= TASK STATEMENT =
In the entries that follow, the line with "atoms \<open>K\<close>, and" opens the range and the line with "supports \<open>\<delta>\<close> outright, then" closes it; repeat that range exactly, both lines included.
◆ ◆ ◆ ◆ ◆
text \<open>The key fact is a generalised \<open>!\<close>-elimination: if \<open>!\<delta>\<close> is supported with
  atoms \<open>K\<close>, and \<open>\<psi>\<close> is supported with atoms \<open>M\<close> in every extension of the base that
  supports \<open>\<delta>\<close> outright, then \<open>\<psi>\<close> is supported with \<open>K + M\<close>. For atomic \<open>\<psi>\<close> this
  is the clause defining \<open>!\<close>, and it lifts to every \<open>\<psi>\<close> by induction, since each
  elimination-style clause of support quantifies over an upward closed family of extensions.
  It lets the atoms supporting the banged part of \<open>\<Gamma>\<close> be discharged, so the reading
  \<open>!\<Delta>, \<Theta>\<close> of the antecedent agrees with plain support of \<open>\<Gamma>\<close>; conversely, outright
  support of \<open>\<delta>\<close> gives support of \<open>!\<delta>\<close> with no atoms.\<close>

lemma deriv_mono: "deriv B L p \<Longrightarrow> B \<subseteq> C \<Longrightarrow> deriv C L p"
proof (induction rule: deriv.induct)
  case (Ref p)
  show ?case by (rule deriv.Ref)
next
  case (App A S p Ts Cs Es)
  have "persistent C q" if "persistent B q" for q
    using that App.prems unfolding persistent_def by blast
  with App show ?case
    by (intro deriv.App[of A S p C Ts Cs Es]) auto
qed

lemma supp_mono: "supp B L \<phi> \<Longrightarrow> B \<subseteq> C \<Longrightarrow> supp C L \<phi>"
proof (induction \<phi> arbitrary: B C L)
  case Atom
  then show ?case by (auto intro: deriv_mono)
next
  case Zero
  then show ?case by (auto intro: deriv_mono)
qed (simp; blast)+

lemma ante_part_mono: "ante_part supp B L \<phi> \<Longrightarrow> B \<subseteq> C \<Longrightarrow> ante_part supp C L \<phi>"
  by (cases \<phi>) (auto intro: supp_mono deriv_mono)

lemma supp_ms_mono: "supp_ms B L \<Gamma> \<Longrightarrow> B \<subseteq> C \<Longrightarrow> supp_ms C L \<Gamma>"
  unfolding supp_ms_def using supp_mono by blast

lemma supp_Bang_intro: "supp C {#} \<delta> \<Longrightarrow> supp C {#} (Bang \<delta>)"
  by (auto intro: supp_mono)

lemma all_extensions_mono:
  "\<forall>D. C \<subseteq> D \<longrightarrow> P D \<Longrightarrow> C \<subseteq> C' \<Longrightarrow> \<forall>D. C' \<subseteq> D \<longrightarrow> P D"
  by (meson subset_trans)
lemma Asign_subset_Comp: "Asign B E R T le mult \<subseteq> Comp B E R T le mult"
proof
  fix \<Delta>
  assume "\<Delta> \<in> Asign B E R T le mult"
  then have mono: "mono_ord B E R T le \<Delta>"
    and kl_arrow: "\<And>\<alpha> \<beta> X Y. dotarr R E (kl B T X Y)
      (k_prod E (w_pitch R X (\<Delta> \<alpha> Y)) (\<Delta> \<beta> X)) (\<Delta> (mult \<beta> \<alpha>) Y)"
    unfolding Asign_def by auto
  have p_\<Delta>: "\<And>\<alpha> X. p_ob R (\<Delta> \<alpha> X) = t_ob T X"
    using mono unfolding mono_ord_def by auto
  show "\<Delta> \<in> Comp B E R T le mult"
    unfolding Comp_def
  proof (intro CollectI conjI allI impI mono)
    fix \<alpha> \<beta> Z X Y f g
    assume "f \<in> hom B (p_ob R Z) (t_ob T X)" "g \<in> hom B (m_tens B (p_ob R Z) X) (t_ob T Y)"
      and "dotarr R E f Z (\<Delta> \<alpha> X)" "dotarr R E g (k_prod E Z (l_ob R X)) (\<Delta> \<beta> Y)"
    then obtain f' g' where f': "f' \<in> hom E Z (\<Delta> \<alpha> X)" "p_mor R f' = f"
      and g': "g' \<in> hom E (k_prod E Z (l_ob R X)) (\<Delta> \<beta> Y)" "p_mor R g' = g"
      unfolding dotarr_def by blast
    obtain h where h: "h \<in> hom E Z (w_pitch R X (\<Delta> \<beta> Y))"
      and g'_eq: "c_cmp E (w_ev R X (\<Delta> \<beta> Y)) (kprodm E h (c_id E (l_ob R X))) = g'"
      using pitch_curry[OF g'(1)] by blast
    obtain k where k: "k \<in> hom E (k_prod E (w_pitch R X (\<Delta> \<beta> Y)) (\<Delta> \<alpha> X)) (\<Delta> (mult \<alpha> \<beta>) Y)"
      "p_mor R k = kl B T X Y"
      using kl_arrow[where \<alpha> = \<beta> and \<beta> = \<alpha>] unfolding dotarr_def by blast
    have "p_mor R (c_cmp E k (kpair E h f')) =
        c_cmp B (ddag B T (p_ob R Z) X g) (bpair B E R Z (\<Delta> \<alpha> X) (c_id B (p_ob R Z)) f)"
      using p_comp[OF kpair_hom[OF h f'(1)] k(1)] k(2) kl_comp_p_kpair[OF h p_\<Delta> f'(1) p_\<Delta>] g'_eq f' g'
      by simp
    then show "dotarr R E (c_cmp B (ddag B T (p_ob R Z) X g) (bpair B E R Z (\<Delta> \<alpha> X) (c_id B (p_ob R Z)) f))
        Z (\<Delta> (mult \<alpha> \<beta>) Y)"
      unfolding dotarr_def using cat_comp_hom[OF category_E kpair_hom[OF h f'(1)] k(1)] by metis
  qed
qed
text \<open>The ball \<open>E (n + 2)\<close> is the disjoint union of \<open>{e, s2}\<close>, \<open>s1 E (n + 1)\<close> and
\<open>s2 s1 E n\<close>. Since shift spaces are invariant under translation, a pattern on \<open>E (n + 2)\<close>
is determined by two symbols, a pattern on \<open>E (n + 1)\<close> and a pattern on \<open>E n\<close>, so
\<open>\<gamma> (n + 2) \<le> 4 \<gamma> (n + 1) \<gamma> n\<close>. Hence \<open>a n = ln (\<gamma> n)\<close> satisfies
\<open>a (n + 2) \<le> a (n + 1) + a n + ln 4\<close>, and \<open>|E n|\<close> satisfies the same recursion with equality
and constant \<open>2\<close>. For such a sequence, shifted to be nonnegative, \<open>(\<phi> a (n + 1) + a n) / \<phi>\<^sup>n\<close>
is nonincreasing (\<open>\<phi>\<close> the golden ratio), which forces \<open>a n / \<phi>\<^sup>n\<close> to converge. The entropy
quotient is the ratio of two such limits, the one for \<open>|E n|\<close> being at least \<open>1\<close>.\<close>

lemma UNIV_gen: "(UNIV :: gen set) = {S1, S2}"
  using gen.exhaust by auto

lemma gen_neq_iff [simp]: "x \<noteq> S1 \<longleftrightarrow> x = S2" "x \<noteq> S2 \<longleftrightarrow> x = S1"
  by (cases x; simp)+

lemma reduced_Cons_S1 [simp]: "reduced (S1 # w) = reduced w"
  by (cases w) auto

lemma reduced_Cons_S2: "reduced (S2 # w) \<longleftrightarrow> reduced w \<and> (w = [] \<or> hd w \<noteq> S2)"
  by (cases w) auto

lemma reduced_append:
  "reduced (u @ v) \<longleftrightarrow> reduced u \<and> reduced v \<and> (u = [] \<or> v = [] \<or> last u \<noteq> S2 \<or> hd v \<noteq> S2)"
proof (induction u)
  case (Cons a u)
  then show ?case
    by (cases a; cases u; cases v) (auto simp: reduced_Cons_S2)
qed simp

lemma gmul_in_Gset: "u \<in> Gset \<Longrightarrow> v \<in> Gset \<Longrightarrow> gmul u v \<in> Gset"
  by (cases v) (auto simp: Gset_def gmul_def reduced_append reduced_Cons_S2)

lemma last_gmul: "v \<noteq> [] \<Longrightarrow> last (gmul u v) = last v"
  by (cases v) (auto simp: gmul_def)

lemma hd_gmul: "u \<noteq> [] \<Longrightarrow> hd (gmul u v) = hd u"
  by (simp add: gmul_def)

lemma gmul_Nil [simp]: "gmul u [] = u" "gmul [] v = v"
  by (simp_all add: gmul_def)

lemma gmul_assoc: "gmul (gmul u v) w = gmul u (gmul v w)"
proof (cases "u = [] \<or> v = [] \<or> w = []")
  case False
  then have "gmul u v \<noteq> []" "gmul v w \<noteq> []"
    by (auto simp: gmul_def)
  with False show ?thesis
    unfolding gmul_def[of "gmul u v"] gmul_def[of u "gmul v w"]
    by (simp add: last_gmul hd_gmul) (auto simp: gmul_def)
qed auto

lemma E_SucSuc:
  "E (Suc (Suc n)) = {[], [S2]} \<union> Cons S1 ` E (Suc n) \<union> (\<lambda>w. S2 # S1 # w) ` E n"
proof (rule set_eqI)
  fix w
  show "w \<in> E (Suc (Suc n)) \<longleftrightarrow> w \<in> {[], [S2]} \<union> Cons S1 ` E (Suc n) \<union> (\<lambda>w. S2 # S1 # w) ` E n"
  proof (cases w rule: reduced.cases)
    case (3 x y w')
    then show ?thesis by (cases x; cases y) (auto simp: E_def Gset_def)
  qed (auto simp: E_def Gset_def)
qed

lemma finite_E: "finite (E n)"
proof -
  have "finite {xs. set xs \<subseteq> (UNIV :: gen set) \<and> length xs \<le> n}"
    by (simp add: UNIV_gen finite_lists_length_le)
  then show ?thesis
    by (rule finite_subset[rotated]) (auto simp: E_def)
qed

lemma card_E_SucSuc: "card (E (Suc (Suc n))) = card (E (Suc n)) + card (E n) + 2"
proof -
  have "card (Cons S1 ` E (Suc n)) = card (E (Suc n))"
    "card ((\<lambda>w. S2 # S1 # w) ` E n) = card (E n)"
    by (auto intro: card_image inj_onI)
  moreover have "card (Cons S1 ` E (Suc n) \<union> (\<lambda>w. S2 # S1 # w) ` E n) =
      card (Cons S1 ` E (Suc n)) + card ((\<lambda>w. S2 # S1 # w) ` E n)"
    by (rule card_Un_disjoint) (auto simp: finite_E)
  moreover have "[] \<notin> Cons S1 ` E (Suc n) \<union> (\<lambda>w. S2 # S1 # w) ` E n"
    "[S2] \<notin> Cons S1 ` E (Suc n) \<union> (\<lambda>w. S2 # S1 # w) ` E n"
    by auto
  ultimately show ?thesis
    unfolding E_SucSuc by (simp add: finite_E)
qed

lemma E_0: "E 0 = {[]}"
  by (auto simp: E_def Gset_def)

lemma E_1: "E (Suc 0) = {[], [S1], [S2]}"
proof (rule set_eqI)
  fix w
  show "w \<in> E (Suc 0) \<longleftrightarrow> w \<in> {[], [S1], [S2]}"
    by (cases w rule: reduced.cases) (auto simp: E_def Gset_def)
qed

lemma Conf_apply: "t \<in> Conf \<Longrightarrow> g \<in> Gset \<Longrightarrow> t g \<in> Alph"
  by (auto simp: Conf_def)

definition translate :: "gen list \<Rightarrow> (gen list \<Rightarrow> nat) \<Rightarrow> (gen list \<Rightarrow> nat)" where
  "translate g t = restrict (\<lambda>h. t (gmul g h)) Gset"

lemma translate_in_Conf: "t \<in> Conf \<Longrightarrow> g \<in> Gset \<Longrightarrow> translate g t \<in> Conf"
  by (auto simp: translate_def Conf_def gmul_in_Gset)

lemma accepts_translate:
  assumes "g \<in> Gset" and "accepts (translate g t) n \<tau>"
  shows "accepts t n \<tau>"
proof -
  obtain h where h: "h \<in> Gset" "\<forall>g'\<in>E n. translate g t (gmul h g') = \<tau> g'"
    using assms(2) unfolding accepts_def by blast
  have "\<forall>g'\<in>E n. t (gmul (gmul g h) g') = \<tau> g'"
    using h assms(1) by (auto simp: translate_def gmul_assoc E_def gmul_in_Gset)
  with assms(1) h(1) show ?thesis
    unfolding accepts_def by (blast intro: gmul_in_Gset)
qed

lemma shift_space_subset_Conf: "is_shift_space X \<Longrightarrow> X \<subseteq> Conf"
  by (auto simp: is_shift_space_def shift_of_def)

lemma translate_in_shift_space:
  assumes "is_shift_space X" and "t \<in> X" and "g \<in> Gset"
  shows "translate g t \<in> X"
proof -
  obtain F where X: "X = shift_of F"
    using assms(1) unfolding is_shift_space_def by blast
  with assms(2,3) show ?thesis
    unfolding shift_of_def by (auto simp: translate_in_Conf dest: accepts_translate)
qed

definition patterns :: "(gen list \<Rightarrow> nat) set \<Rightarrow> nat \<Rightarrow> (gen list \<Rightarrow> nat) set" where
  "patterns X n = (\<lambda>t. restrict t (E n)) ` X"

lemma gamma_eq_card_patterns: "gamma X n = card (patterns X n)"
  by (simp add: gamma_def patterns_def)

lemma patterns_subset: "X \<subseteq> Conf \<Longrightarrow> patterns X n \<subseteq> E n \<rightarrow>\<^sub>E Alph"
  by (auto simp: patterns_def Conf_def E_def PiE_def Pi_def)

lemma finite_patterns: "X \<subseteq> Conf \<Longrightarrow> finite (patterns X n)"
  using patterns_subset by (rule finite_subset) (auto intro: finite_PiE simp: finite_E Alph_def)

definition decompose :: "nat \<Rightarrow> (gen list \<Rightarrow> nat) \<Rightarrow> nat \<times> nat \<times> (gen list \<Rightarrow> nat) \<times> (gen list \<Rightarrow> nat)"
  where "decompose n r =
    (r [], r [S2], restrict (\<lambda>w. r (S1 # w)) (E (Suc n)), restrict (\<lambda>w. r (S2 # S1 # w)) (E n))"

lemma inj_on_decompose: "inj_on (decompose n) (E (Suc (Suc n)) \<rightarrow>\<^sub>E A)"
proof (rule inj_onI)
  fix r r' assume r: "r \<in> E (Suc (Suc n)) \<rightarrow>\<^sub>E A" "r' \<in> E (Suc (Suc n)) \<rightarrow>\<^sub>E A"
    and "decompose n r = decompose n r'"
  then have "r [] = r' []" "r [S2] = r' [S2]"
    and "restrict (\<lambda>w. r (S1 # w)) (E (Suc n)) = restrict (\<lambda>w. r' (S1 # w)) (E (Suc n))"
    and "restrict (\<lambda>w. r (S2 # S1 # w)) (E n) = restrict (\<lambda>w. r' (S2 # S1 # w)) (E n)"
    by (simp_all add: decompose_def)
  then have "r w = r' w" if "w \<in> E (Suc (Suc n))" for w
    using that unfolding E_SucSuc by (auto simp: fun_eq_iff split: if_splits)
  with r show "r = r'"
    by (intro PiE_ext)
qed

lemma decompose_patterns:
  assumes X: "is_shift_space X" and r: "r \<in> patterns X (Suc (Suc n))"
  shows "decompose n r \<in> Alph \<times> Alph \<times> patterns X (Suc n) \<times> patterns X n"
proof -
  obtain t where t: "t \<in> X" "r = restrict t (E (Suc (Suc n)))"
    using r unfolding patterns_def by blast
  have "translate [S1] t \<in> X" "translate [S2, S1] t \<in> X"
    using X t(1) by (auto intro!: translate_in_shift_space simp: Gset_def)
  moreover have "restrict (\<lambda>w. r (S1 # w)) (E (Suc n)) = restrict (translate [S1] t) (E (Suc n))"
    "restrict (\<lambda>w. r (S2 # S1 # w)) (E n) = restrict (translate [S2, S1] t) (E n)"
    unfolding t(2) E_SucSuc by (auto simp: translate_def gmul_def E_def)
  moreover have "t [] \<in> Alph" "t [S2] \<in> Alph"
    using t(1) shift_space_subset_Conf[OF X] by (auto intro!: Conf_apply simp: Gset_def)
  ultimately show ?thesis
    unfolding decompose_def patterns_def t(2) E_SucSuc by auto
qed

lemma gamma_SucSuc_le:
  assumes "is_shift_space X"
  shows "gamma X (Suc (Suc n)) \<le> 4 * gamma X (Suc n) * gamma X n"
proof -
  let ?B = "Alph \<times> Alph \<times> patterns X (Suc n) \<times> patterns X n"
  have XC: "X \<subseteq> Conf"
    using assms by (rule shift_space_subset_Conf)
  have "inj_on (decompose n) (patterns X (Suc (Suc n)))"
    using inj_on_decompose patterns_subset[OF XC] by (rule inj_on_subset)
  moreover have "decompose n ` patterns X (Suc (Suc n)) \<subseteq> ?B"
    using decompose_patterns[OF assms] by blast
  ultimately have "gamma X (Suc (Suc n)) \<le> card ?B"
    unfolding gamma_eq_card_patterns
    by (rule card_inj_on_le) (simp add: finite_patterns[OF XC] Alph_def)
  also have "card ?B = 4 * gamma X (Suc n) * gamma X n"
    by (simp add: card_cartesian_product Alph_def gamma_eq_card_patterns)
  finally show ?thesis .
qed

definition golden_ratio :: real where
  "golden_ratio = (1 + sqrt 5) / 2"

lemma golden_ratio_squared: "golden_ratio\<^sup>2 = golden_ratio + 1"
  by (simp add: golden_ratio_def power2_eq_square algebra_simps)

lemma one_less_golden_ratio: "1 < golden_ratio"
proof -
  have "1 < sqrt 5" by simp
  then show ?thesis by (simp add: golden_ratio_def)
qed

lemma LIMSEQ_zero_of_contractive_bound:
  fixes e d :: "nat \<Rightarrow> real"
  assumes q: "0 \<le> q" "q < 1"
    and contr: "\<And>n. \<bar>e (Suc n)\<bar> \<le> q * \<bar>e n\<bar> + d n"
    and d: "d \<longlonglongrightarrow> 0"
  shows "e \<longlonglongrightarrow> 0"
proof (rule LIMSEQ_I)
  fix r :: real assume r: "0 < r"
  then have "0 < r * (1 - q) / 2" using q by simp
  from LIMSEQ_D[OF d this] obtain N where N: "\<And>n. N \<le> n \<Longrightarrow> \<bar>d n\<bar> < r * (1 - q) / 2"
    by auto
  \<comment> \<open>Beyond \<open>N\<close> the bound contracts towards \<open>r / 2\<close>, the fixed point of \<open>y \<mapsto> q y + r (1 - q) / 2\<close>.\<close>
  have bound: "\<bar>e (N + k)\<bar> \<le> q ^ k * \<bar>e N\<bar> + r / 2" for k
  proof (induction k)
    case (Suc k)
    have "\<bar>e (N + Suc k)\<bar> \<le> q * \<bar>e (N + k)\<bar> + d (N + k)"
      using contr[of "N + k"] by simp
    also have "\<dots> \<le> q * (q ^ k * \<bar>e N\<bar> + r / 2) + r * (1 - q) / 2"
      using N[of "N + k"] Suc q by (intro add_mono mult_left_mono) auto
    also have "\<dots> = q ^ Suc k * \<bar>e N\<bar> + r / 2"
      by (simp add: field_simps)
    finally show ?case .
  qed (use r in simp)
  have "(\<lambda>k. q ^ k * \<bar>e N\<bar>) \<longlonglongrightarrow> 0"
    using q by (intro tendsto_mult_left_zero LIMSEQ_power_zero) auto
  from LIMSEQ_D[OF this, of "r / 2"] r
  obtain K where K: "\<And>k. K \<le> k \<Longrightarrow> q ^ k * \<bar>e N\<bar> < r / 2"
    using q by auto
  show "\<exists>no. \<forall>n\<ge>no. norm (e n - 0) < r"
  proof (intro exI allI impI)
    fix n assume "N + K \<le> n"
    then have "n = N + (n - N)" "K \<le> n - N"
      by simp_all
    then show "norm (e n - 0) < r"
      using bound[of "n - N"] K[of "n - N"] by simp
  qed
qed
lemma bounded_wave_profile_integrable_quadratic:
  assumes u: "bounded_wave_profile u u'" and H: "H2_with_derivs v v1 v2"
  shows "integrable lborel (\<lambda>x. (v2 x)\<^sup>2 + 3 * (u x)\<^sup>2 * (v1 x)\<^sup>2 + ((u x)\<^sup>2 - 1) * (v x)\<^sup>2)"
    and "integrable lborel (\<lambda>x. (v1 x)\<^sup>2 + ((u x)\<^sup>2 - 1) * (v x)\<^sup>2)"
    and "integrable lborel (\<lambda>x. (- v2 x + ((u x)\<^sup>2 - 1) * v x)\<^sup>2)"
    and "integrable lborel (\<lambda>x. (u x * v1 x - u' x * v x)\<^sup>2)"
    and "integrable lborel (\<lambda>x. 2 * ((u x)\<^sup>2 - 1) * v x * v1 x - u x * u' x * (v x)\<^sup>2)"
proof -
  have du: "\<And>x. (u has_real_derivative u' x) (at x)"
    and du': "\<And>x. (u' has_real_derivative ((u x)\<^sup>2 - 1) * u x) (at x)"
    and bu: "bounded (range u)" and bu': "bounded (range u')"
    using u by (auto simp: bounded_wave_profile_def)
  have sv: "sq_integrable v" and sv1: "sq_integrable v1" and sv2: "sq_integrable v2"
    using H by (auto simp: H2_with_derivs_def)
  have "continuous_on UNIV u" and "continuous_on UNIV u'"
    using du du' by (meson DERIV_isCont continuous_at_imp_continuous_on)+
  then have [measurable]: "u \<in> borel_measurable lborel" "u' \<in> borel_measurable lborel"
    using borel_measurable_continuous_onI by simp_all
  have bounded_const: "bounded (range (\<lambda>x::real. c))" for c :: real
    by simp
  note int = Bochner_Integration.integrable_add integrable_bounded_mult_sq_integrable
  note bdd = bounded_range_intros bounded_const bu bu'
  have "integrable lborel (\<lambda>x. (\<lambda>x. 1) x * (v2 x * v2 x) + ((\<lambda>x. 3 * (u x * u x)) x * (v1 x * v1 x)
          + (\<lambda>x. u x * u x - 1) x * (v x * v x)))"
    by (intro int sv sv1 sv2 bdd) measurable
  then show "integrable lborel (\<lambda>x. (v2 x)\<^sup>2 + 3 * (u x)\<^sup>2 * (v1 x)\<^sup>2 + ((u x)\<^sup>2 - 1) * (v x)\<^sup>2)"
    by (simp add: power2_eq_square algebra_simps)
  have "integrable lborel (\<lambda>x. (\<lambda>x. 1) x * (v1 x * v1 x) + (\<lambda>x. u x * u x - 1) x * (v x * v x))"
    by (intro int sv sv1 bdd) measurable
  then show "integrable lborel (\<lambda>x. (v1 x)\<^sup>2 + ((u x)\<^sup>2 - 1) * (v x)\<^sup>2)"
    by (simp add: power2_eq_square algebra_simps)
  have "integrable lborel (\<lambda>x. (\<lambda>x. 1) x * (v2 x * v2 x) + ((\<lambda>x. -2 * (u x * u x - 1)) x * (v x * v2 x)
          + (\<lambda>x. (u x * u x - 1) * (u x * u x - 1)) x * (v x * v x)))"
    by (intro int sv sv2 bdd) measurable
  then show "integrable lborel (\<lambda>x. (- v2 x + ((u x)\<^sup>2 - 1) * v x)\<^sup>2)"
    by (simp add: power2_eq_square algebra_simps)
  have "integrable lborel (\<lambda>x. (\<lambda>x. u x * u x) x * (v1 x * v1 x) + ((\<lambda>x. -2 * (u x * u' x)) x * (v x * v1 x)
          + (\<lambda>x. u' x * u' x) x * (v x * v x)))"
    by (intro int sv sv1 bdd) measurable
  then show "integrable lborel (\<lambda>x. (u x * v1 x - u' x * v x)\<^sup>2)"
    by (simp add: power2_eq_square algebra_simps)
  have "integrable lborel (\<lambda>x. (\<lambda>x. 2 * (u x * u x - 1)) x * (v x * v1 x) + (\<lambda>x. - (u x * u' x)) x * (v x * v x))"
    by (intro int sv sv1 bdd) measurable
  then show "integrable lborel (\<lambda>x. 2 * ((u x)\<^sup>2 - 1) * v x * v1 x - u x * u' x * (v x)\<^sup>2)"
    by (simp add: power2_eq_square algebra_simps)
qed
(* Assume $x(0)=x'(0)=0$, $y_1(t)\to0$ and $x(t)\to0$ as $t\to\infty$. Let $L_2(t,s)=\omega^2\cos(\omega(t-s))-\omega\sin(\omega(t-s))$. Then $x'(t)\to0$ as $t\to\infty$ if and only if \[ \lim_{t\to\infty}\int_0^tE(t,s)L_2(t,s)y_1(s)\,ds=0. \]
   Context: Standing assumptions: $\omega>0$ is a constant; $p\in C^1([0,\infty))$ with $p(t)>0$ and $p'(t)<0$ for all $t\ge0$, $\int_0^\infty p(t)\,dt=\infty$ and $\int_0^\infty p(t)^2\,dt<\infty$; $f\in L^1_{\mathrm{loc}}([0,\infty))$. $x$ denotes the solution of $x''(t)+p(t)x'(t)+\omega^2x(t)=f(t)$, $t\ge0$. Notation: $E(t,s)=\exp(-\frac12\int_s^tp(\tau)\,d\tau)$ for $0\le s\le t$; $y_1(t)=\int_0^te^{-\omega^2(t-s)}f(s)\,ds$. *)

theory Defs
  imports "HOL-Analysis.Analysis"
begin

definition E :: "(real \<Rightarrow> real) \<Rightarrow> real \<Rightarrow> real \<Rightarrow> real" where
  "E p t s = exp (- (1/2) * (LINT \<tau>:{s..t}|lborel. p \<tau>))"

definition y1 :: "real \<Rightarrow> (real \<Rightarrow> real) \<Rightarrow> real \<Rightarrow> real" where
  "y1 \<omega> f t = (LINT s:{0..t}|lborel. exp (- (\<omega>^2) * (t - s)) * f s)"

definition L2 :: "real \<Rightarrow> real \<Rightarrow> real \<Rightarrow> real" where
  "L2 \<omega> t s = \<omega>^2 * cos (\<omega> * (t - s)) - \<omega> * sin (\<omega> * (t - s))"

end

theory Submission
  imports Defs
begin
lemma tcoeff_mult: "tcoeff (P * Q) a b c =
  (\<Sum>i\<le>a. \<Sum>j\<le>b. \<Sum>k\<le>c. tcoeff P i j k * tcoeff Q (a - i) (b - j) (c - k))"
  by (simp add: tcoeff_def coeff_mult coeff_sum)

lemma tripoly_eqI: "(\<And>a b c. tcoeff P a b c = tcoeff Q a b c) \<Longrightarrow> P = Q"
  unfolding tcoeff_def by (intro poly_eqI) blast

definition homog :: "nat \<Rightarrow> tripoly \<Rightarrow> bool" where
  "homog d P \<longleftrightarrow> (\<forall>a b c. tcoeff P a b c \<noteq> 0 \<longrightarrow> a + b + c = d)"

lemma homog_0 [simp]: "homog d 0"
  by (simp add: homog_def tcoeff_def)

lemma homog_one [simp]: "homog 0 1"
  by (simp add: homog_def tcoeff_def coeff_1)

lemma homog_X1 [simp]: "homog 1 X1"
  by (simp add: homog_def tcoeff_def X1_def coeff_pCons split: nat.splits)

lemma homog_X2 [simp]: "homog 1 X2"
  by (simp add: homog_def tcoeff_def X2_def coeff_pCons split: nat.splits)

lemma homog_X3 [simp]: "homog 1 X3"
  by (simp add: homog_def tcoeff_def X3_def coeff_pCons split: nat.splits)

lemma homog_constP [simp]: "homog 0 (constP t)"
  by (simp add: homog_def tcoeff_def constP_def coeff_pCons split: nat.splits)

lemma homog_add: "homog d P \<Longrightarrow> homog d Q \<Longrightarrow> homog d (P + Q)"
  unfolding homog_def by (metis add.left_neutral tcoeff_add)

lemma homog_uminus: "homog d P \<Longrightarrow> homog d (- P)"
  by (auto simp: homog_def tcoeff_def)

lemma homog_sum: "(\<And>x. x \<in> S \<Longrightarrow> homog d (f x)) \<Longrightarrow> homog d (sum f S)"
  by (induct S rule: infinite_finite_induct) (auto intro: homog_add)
◆ ◆ ◆ ◆ ◆
= EXERCISE SOLUTION =
  atoms \<open>K\<close>, and \<open>\<psi>\<close> is supported with atoms \<open>M\<close> in every extension of the base that
  supports \<open>\<delta>\<close> outright, then \<open>\<psi>\<close> is supported with \<open>K + M\<close>. For atomic \<open>\<psi>\<close> this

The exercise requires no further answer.